In a nonstick skillet over medium high heat, sear the chicken breasts and thighs in the olive oil.  Don’t cook it all the way through, just get a nice browning on each side of the pieces of chicken.

Put the chicken in the bottom of the crock pot.  Top with the chopped onion and potatoes.  Add the diced tomatoes, then pour 1 and 1/2 cups of the chicken broth over the top.  In the remaining half cup of chicken broth, mix the tomato paste, curry, and ginger.  Pour the broth mixture over the top of the chicken in the crock pot.  Spoon the peanut butter in dollops over the top, then sprinkle with the red pepper.

Cover and cook on high in the crock pot for 4 hours.  Add the baby carrots, stirring the stew with a spoon to ensure that everything is mixed and the chicken starts to break up.  Cook on high for another hour or so.

How It Turned Out:

Holy kamoley — it’s good!  Just spicy enough, the flavors distinct yet complementing each other perfectly. Makes exactly 8 servings, and pairs well with warm naan or flat bread.

African Chicken Stew


It’s been a month since I fell and broke my ankle, a month since I planned a dinner party, a month since I cooked anything more exciting than a lean cuisine.  It’s been a very long month.

So I invited my best friend and her family over for Sunday Supper and set out to find something wonderful that I could prepare sitting down or balanced on my knee walker, something that didn’t involve the scary hot stovetop. A little perusal of Pinterest resulted in inspiration from Table for Two‘s crock pot broccoli and beef recipe.  I adjusted it to serve eight, reducing the soy sauce (too much sodium) and adding more vegetables.


2 cups Swanson beef broth
3/4 cup low sodium soy sauce
1 and 2/3 tbs of Gourmet Garden organic garlic minced garlic paste
2/3 cup dark brown sugar
2 lbs of beef flank steak, sliced across the grain
4 tbs cornstarch
4 cups fresh organic broccoli florets
2 cups of organic baby carrots, sliced lengthways
1 cup fresh sliced mushrooms

How I Made It:

Whisk the beef broth, soy sauce, brown sugar, and garlic together in the crock pot.  Add the sliced beef and ensure that all the pieces are covered in the cooking liquid.  Cook on low for 6 hours.

With a half hour to go, add the cornstarch by whisking it into a few tablespoons of the cooking liquid and then return it to the crock pot.  Add the broccoli, carrots, and mushrooms and continue cooking for 30 minutes.  You want the veggies cooked by still firm.  Serve over brown rice.

How It Turned Out:

Pretty tasty, this is definitely a recipe I’ll make again.

Beef and Broccoli

Makes 8 servings.
7 Weight Watchers Points Plus per serving.

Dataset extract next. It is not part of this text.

(* Let $n\ge1$ and let $(\phi_1^k,\phi_2^k)\in\vec{\mathcal C}^{\mathcal G}_{\rm per}$, $k=n-1,n,n+1$, with $\overline{\phi_i^{n-1}}=\overline{\phi_i^{n}}=\overline{\phi_i^{n+1}}$ ($i=1,2$), where $(\phi_1^{n+1},\phi_2^{n+1})$ solves the BDF2 scheme at step $n+1$ with constants satisfying $A_1\ge\frac{\mathcal M_1(3\chi_{13}+3\chi_{23}+2\chi_{12})^2}{4}$ and $A_2\ge\frac{\mathcal M_2(3\chi_{13}+3\chi_{23}+2\chi_{12})^2}{4}$. Define, for $m\ge0$, $E_h^{m+1,m}=G_h(\phi_1^{m+1},\phi_2^{m+1})+\frac{\Delta t}{4\mathcal M_1}\big\|\frac{\phi_1^{m+1}-\phi_1^m}{\Delta t}\big\|_{-1,h}^2+\frac{\Delta t}{4\mathcal M_2}\big\|\frac{\phi_2^{m+1}-\phi_2^m}{\Delta t}\big\|_{-1,h}^2+\frac{2\chi_{12}+3\chi_{13}+\chi_{23}}{2}\|\phi_1^{m+1}-\phi_1^m\|_2^2+\frac{2\chi_{12}+\chi_{13}+3\chi_{23}}{2}\|\phi_2^{m+1}-\phi_2^m\|_2^2.$ Then $E_h^{n+1,n}\le E_h^{n,n-1}$.
   Context: Discrete setting. Fix $L>0$, $N\in\mathbb N$, $h=L/N$, $\Omega=(0,L)^2$. $\mathcal C_{\rm per}$ is the space of real grid functions $\nu=(\nu_{i,j})_{i,j\in\mathbb Z}$ with $\nu_{i+aN,j+bN}=\nu_{i,j}$ for all integers $i,j,a,b$ ($\nu_{i,j}$ is the value at the cell centre $((i-\tfrac12)h,(j-\tfrac12)h)$); periodic face-centred functions are indexed by $(i+\frac12,j)$ (east-west faces) or $(i,j+\frac12)$ (north-south faces). Define $(A_x\nu)_{i+\frac12,j}=\tfrac12(\nu_{i+1,j}+\nu_{i,j})$, $(D_x\nu)_{i+\frac12,j}=\tfrac1h(\nu_{i+1,j}-\nu_{i,j})$, and for east-west face functions $f$, $(a_xf)_{i,j}=\tfrac12(f_{i+\frac12,j}+f_{i-\frac12,j})$, $(d_xf)_{i,j}=\tfrac1h(f_{i+\frac12,j}-f_{i-\frac12,j})$; $A_y,D_y,a_y,d_y$ are defined analogously in the second index. $\nabla_h\nu=(D_x\nu,D_y\nu)$, $\nabla_h\cdot(f^x,f^y)=d_xf^x+d_yf^y$, $\Delta_h\nu=d_x(D_x\nu)+d_y(D_y\nu)$ (the 5-point Laplacian). For $\nu,\xi\in\mathcal C_{\rm per}$: $\langle\nu,\xi\rangle=h^2\sum_{i,j=1}^N\nu_{i,j}\xi_{i,j}$, $\|\nu\|_2=\langle\nu,\nu\rangle^{1/2}$, $\|\nu\|_\infty=\max_{1\le i,j\le N}|\nu_{i,j}|$, $\|\nabla_h\nu\|_2^2=\langle a_x((D_x\nu)^2)+a_y((D_y\nu)^2),1\rangle$, $\overline{\nu}=|\Omega|^{-1}\langle\nu,1\rangle$. For $\overline\nu=0$, $(-\Delta_h)^{-1}\nu$ denotes the unique mean-zero $\psi\in\mathcal C_{\rm per}$ with $-\Delta_h\psi=\nu$; for mean-zero $\nu,\xi$, $\langle\nu,\xi\rangle_{-1,h}=\langle\nu,(-\Delta_h)^{-1}\xi\rangle$ and $\|\nu\|_{-1,h}=\langle\nu,\nu\rangle_{-1,h}^{1/2}$. Functions of grid functions (products, quotients, $\ln$) act pointwise. Model. $M_0,N_0>0$, $\alpha=\pi((M_0/\pi)^{1/2}+N_0/2)^2$, $\beta=2(M_0/\pi)^{1/2}+N_0$; $\varepsilon_1,\varepsilon_2,\varepsilon_3>0$; $\chi_{12},\chi_{13},\chi_{23}>0$ with $4\chi_{13}\chi_{23}-(\chi_{12}-\chi_{13}-\chi_{23})^2>0$; mobilities $\mathcal M_1,\mathcal M_2>0$. For $a,b>0$, $a+b<1$: $S(a,b)=\frac{a}{M_0}\ln\frac{\alpha a}{M_0}+\frac{b}{N_0}\ln\frac{\beta b}{N_0}+(1-a-b)\ln(1-a-b)$, $H(a,b)=\chi_{12}ab+\chi_{13}a(1-a-b)+\chi_{23}b(1-a-b)$; thus $\partial_aS=\frac1{M_0}\ln\frac{\alpha a}{M_0}+\frac1{M_0}-\ln(1-a-b)-1$, $\partial_bS=\frac1{N_0}\ln\frac{\beta b}{N_0}+\frac1{N_0}-\ln(1-a-b)-1$, $\partial_aH=\chi_{13}-2\chi_{13}a+(\chi_{12}-\chi_{13}-\chi_{23})b$, $\partial_bH=\chi_{23}-2\chi_{23}b+(\chi_{12}-\chi_{13}-\chi_{23})a$. $\kappa(s)=1/(36s)$. The Gibbs triangle is $\mathcal G=\{(a,b):a>0,b>0,a+b<1\}$, and $\vec{\mathcal C}^{\mathcal G}_{\rm per}$ is the set of pairs $(\phi_1,\phi_2)\in\mathcal C_{\rm per}^2$ with $((\phi_1)_{i,j},(\phi_2)_{i,j})\in\mathcal G$ for all $i,j$. For such a pair set $u_1=\phi_1$, $u_2=\phi_2$, $u_3=1-\phi_1-\phi_2$ and, for $k=1,2,3$, $T_k(\phi_1,\phi_2)=a_x(\kappa'(A_xu_k)(D_xu_k)^2)-2d_x(\kappa(A_xu_k)D_xu_k)+a_y(\kappa'(A_yu_k)(D_yu_k)^2)-2d_y(\kappa(A_yu_k)D_yu_k)$. Discrete energy: $G_h(\phi_1,\phi_2)=\langle S(\phi_1,\phi_2)+H(\phi_1,\phi_2),1\rangle+\sum_{k=1}^3\varepsilon_k^2\langle a_x(\kappa(A_xu_k)(D_xu_k)^2)+a_y(\kappa(A_yu_k)(D_yu_k)^2),1\rangle$. Convex-part derivatives: $\delta_{\phi_1}G_{h,c}(\phi_1,\phi_2)=\partial_aS(\phi_1,\phi_2)+\varepsilon_1^2T_1-\varepsilon_3^2T_3$, $\delta_{\phi_2}G_{h,c}(\phi_1,\phi_2)=\partial_bS(\phi_1,\phi_2)+\varepsilon_2^2T_2-\varepsilon_3^2T_3$. BDF2 scheme. Fix $\Delta t>0$ and constants $A_1,A_2\ge0$. For $n\ge1$, given $(\phi_1^{k},\phi_2^{k})$, $k=n-1,n$, set $\hat\phi_i^n=2\phi_i^n-\phi_i^{n-1}$. A pair $(\phi_1^{n+1},\phi_2^{n+1})\in\vec{\mathcal C}^{\mathcal G}_{\rm per}$ solves the scheme at step $n+1$ if for $i=1,2$: $\frac{3\phi_i^{n+1}-4\phi_i^n+\phi_i^{n-1}}{2\Delta t}=\mathcal M_i\Delta_h\mu_i^{n+1}$, where $\mu_1^{n+1}=\delta_{\phi_1}G_{h,c}(\phi_1^{n+1},\phi_2^{n+1})+\partial_aH(\hat\phi_1^n,\hat\phi_2^n)-A_1\Delta t\,\Delta_h(\phi_1^{n+1}-\phi_1^n)$ and $\mu_2^{n+1}=\delta_{\phi_2}G_{h,c}(\phi_1^{n+1},\phi_2^{n+1})+\partial_bH(\hat\phi_1^n,\hat\phi_2^n)-A_2\Delta t\,\Delta_h(\phi_2^{n+1}-\phi_2^n)$. *)

theory Defs
  imports Complex_Main
begin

We had an “End of the World” party at the office Friday, with the theme of foods you’d want to feast upon if it was your last meal.  As a good Southern girl, of course I made barbecue (what else would you eat for your last meal on earth?).  It’s a crock pot recipe, so you just chuck the roast into the crock pot before bed and whip up the sauce the next day.



4 lb pork loin roast
3 cups apple juice
2 tsp ground ginger
1/2 tsp chili pepper

BBQ Sauce

1/4 cup Splenda brown sugar blend
1/4 cup molasses
1 1/2 cup tomato sauce
1/2 cup ketchup
1/4 cup Worcestershire
1/2 cup cider vinegar
1/2 cup Jack Daniels smoked honey mustard

How I Made It:

Put the roast in the crock pot with the apple juice, ginger, and chili pepper.  Cook on low for 8-9 hours, or until it is tender and shreddable.

Combine the sauce ingredients in a heavy saucepan over low heat.  You may want to adjust the ingredients to your taste (tangier, sweeter, etc.).  You can add a little Tabasco if you want some heat.  While the sauce simmers, remove the roast from the crockpot and let rest on a plate.  Discard the cooking liquid and return the roast to the crock pot.  Shred with two forks.  Pour the sauce over the shredded pork.  Keep warm in the crock pot until ready to serve.

How It Turned Out:

Tangy and tender, this barbecue is flavorful but lacks heat.  You might spice it up if you need a little kick in your Q.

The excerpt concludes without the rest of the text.